What the exercise asks
The data below holds the lines to copy: everything from the line containing "text \<open>Disagreement of" to the line containing "nat \<Rightarrow> 'a::real_vector)", both ends included, set down exactly.
════════════════════
(* Under the hypotheses of the previous lemma (standing assumptions, SLC and BUC, each $B_k$ nonnegative doubly stochastic scrambling with nonzero entries at least a fixed $\kappa>0$), and assuming the step sizes satisfy $\alpha_k>0$, $\alpha_{k+1}\le\alpha_k$, $\sum_k\alpha_k=\infty$ and $\sum_k\alpha_k^2<\infty$, one has $$\sum_{k=0}^\infty\alpha_k\max_J\|\delta^J_k\|<\infty,$$ where $\delta^J_k=x^J_{0,k}-\frac1S\sum_{I=1}^S x^I_{0,k}$.
   Context: Standing setup. Integers $S\ge1$ (servers), $C\ge1$ (clients), $D\ge1$, $\Delta\ge1$. $\mathcal{X}\subseteq\mathbb{R}^D$ is a nonempty convex compact set and $\mathcal{P}_{\mathcal{X}}$ is Euclidean projection onto $\mathcal{X}$. For $h=1,\dots,C$, $f_h:\mathbb{R}^D\to\mathbb{R}$ is continuously differentiable and convex with gradient $g_h$; there are constants $L_h$ with $\|g_h(x)\|\le L_h$ for all $x\in\mathcal{X}$ and constants $N_h>0$ with $\|g_h(x)-g_h(y)\|\le N_h\|x-y\|$ for all $x,y\in\mathcal{X}$. Norms are Euclidean. Weight matrices $W_{i,k}\in\mathbb{R}^{S\times C}$ ($0\le i\le\Delta-1$, $k\ge0$), entries possibly negative. Symmetric Learning Condition (SLC): there is $M>0$ with $\sum_{i=1}^{\Delta}\sum_{J=1}^S W_{i-1,k}[J,h]=M$ for all $k\ge0$ and all $h$. Bounded Update Condition (BUC): there is $\bar M>0$ with $\sum_{i=1}^{\Delta}\sum_{J=1}^S |W_{i-1,k}[J,h]|\le\bar M$ for all $k,h$. Consensus matrices $B_k\in\mathbb{R}^{S\times S}$ have nonnegative entries. Iteration: given $x^J_{0,0}\in\mathcal{X}$ ($J=1,\dots,S$), for each $k\ge0$ and $i=1,\dots,\Delta$, $x^J_{i,k}=\mathcal{P}_{\mathcal{X}}\big[x^J_{i-1,k}-\alpha_k\sum_{h=1}^C W_{i-1,k}[J,h]\,g_h(x^J_{i-1,k})\big]$, and then $x^I_{0,k+1}=\sum_{J=1}^S B_k[I,J]\,x^J_{\Delta,k}$. A square matrix $B$ is scrambling if for every two rows $I,G$ there is a column $J$ with $B[I,J]>0$ and $B[G,J]>0$. *)

theory Defs
  imports "HOL-Analysis.Analysis"
begin

text \<open>Square matrices over index set {1..n} represented as functions nat => nat => real.\<close>

definition scrambling :: "nat \<Rightarrow> (nat \<Rightarrow> nat \<Rightarrow> real) \<Rightarrow> bool" where
  "scrambling n B \<longleftrightarrow>
     (\<forall>I\<in>{1..n}. \<forall>G\<in>{1..n}. \<exists>J\<in>{1..n}. B I J > 0 \<and> B G J > 0)"

definition doubly_stochastic :: "nat \<Rightarrow> (nat \<Rightarrow> nat \<Rightarrow> real) \<Rightarrow> bool" where
  "doubly_stochastic n B \<longleftrightarrow>
     (\<forall>I\<in>{1..n}. \<forall>J\<in>{1..n}. B I J \<ge> 0) \<and>
     (\<forall>I\<in>{1..n}. (\<Sum>J=1..n. B I J) = 1) \<and>
     (\<forall>J\<in>{1..n}. (\<Sum>I=1..n. B I J) = 1)"

text \<open>Disagreement of server J at the start of round k.\<close>
definition delta :: "nat \<Rightarrow> (nat \<Rightarrow> nat \<Rightarrow> nat \<Rightarrow> 'a::real_vector) \<Rightarrow> nat \<Rightarrow> nat \<Rightarrow> 'a" where
  "delta S x J k = x J 0 k - (1 / real S) *\<^sub>R (\<Sum>I=1..S. x I 0 k)"

end

theory Submission
  imports Defs
begin

text \<open>
  Let \<open>d k\<close> be the diameter of the round-start points \<open>x J 0 k\<close> of the servers; it
  dominates every \<open>norm (delta S x J k)\<close>. Within a round each server moves by at most
  \<open>\<alpha> k * G\<close> with \<open>G = Mbar * (\<Sum>h=1..C. L h)\<close>, because projection onto \<open>X\<close> is nonexpansive and
  BUC bounds the weights. Averaging with a doubly stochastic scrambling matrix whose nonzero
  entries are at least \<open>\<kappa>\<close> contracts the diameter by the factor \<open>1 - \<kappa>\<close>, since any two of
  its rows share mass at least \<open>\<kappa>\<close>. Hence \<open>d (k+1) \<le> (1 - \<kappa>) * (d k + 2 * G * \<alpha> k)\<close>, and as
  \<open>\<alpha>\<close> is nonincreasing, \<open>\<alpha> k * d k\<close> obeys a contractive recurrence forced by the summable
  sequence \<open>(\<alpha> k)\<^sup>2\<close>, so it is summable.
\<close>

lemma summable_of_contractive_recurrence:
  fixes a b :: "nat \<Rightarrow> real"
  assumes a_nonneg: "\<And>k. 0 \<le> a k"
    and recurrence: "\<And>k. a (Suc k) \<le> \<rho> * a k + b k"
    and "summable b" and b_nonneg: "\<And>k. 0 \<le> b k"
    and "0 \<le> \<rho>" and "\<rho> < 1"
  shows "summable a"
proof (rule summableI_nonneg_bounded[where x = "(a 0 + suminf b) / (1 - \<rho>)"])
  show "0 \<le> a n" for n by (rule a_nonneg)
  have partial_b: "sum b {..<m} \<le> suminf b" for m
    using sum_le_suminf[OF \<open>summable b\<close>] b_nonneg by auto
  fix n
  have "(1 - \<rho>) * sum a {..<n} \<le> a 0 + suminf b"
  proof (cases n)
    case 0
    then show ?thesis using a_nonneg[of 0] suminf_nonneg[OF \<open>summable b\<close> b_nonneg] by simp
  next
    case (Suc m)
    have "sum a {..<Suc m} = a 0 + (\<Sum>k<m. a (Suc k))" by (rule sum.lessThan_Suc_shift)
    also have "\<dots> \<le> a 0 + (\<Sum>k<m. \<rho> * a k + b k)"
      using recurrence by (intro add_left_mono sum_mono) auto
    also have "\<dots> = a 0 + \<rho> * sum a {..<m} + sum b {..<m}"
      by (simp add: sum.distrib sum_distrib_left)
    also have "\<dots> \<le> a 0 + \<rho> * sum a {..<Suc m} + suminf b"
      using partial_b[of m] mult_nonneg_nonneg[OF \<open>0 \<le> \<rho>\<close> a_nonneg[of m]] by (simp add: distrib_left)
    finally show ?thesis using Suc by (simp add: algebra_simps)
  qed
  then show "sum a {..<n} \<le> (a 0 + suminf b) / (1 - \<rho>)"
    using \<open>\<rho> < 1\<close> by (simp add: field_simps)
qed

lemma summable_step_times_contracted_sequence:
  fixes d \<alpha> :: "nat \<Rightarrow> real"
  assumes d_nonneg: "\<And>k. 0 \<le> d k"
    and recurrence: "\<And>k. d (Suc k) \<le> \<rho> * (d k + c * \<alpha> k)"
    and \<alpha>_pos: "\<And>k. 0 < \<alpha> k" and \<alpha>_decreasing: "\<And>k. \<alpha> (Suc k) \<le> \<alpha> k"
    and \<alpha>_square_summable: "summable (\<lambda>k. (\<alpha> k)\<^sup>2)"
    and "0 \<le> \<rho>" "\<rho> < 1" "0 \<le> c"
  shows "summable (\<lambda>k. \<alpha> k * d k)"
proof (rule summable_of_contractive_recurrence[where \<rho> = \<rho> and b = "\<lambda>k. \<rho> * c * (\<alpha> k)\<^sup>2"])
  show "0 \<le> \<alpha> k * d k" for k using \<alpha>_pos[of k] d_nonneg[of k] by simp
  show "summable (\<lambda>k. \<rho> * c * (\<alpha> k)\<^sup>2)" using \<alpha>_square_summable by (rule summable_mult)
  show "0 \<le> \<rho> * c * (\<alpha> k)\<^sup>2" for k using \<open>0 \<le> \<rho>\<close> \<open>0 \<le> c\<close> by simp
  fix k
  have "\<alpha> (Suc k) * d (Suc k) \<le> \<alpha> k * d (Suc k)"
    using \<alpha>_decreasing[of k] d_nonneg by (simp add: mult_right_mono)
  also have "\<dots> \<le> \<alpha> k * (\<rho> * (d k + c * \<alpha> k))"
    using recurrence[of k] \<alpha>_pos[of k] by (simp add: mult_left_mono)
  also have "\<dots> = \<rho> * (\<alpha> k * d k) + \<rho> * c * (\<alpha> k)\<^sup>2"
    by (simp add: algebra_simps power2_eq_square)
  finally show "\<alpha> (Suc k) * d (Suc k) \<le> \<rho> * (\<alpha> k * d k) + \<rho> * c * (\<alpha> k)\<^sup>2" .
qed (use assms in auto)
════════════════════
Result for this task
text \<open>Disagreement of server J at the start of round k.\<close>
definition delta :: "nat \<Rightarrow> (nat \<Rightarrow> nat \<Rightarrow> nat \<Rightarrow> 'a::real_vector) \<Rightarrow> nat \<Rightarrow> nat \<Rightarrow> 'a" where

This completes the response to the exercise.